NCSBE Letter 190911 (PDF)
Delay in documentation
State Board of Elections member Stella Anderson put forward a motion last week asking for documentation of the source code review. She had heard of this problem from North Carolina voters and election integrity advocates Lynn Bernstein and Marilyn Marks.
The state Board of Elections is working to respond to Anderson’s motion “as soon as possible,” according to an email from NCSBE press secretary Pat Gannon.
According to Anderson, NCSBE staff is striving to provide that information by Oct. 1, when the board is next scheduled to meet.
That, according to Marks, is “way too long to wait.”
The state has very little time to put the new systems it certified on Aug. 23 into place before the 2020 elections.
In order for counties to buy the new equipment, each county’s board of elections needs to attend a demonstration of the voting systems, recommend one to their county commissioners for purchase, test that system in the October or November elections, then purchase and deploy them by the March 2020 primaries.
Counties are moving quickly to enter into multimillion-dollar contracts to purchase this equipment.
“What the state board is doing is irresponsible in letting these counties proceed as if they are going to go to contract and not letting them know that there is a serious black cloud over the certification,” Marks said.
Possibility of litigation
Marks, who is the executive director of the nonprofit election integrity watchdog Coalition for Good Governance, has sued other states over election law violations. Marks hopes the state Board of Elections will solve this problem without the need for litigation from organizations like her own.
“This is way too important to take a passive position on,” Marks said.
“But once you put things in the court system, it slows everything down. The board will not be in an easier place to make the prompt decisions they need to. Everything becomes much more formalistic. It becomes much harder to get the right things done quickly.”
Backup plan for 2020
If there is further delay in the rollout of the new systems, which is not certain, it could mean that North Carolina counties would be forced to run 2020 elections on equipment that has been in use in the county since 2005.
There is a short-term plan for that eventuality, according to Anderson.

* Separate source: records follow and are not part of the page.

lemma transpose_matrix_inv_symmetric:
  fixes M :: "real^'k^'k"
  assumes "invertible M" and "transpose M = M"
  shows "transpose (matrix_inv M) = matrix_inv M"
proof -
  let ?N = "transpose (matrix_inv M)"
  have "?N ** M = mat 1"
    by (metis assms invertible_matrix_inv matrix_transpose_mul transpose_mat)
  then have "?N = ?N ** (M ** matrix_inv M)"
    using invertible_matrix_inv[OF assms(1)] by simp
  also have "\<dots> = matrix_inv M"
    by (simp add: matrix_mul_assoc \<open>?N ** M = mat 1\<close>)
  finally show ?thesis .
qed

lemma pos_def_nonneg: "pos_def M \<Longrightarrow> 0 \<le> x \<bullet> (M *v x)"
  unfolding pos_def_def by (cases "x = 0") (auto intro: less_imp_le)

lemma pos_def_invertible:
  fixes M :: "real^'k^'k"
  assumes "pos_def M"
  shows "invertible M"
proof -
  have "\<forall>x. M *v x = 0 \<longrightarrow> x = 0"
    using assms by (force simp: pos_def_def)
  then show ?thesis
    using matrix_left_invertible_ker invertible_left_inverse by blast
qed

lemma mpow_add: "mpow A (a + b) = mpow A a ** mpow A b"
  by (induct a) (simp_all add: matrix_mul_assoc)

lemma Aj_0 [simp]: "Aj A 0 = mat 1"
  by (simp add: Aj_def)

lemma Bj_0 [simp]: "Bj A B 0 = 0"
  by (simp add: Bj_def)

lemma Bj_add: "Bj A B (k + j) = Bj A B j + mpow A j ** Bj A B k"
proof (induct k)
  case 0
  then show ?case by simp
next
  case (Suc k)
  have "Bj A B (Suc k + j) = Bj A B (k + j) + mpow A (k + j) ** B"
    by (simp add: Bj_def)
  also have "\<dots> = Bj A B j + mpow A j ** (Bj A B k + mpow A k ** B)"
    using Suc by (simp add: matrix_add_ldistrib matrix_mul_assoc mpow_add add.commute[of k j]
        add.assoc)
  also have "Bj A B k + mpow A k ** B = Bj A B (Suc k)"
    by (simp add: Bj_def)
  finally show ?case .
qed

lemma Aj_Bj_compose:
  "Aj A j *v (Aj A k *v x + Bj A B k *v u) + Bj A B j *v u = Aj A (k + j) *v x + Bj A B (k + j) *v u"
proof -
  have "Aj A (k + j) = mpow A j ** mpow A k"
    by (simp add: Aj_def mpow_add[symmetric] add.commute)
  then show ?thesis
    unfolding Bj_add[of A B k j]
    by (simp add: Aj_def matrix_vector_right_distrib matrix_vector_mul_assoc
        matrix_vector_mult_add_rdistrib algebra_simps)
qed

lemma closed_loop_matrix_apply:
  "(Aj A k + Bj A B k ** K) *v x = Aj A k *v x + Bj A B k *v (K *v x)"
  by (simp add: matrix_vector_mult_add_rdistrib matrix_vector_mul_assoc)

While most counties could simply keep the systems they have now, about a third of North Carolina counties – covering 2.4 million voters – use voting machines that will be taken out of circulation as of Dec. 1, 2019.
Those counties would be forced to go to all hand-marked paper ballots that are counted using scanners, just like the ones the rest of the state currently uses.
“We could certainly, as a state, get through the 2020 elections with the same kind of equipment in these 23 counties as is used in all these other counties,” Anderson said.
That solution could require the purchase or short-term leasing of voting machines.
The review of the source code in question is more than a technical matter, according to Buell. It also addresses public trust in the election.
“If there is a source code review and all these issues are dealt with, that increases voter trust,” Buell said. “If people hide behind weasel wording to avoid doing a source code review, I think people will wonder why.”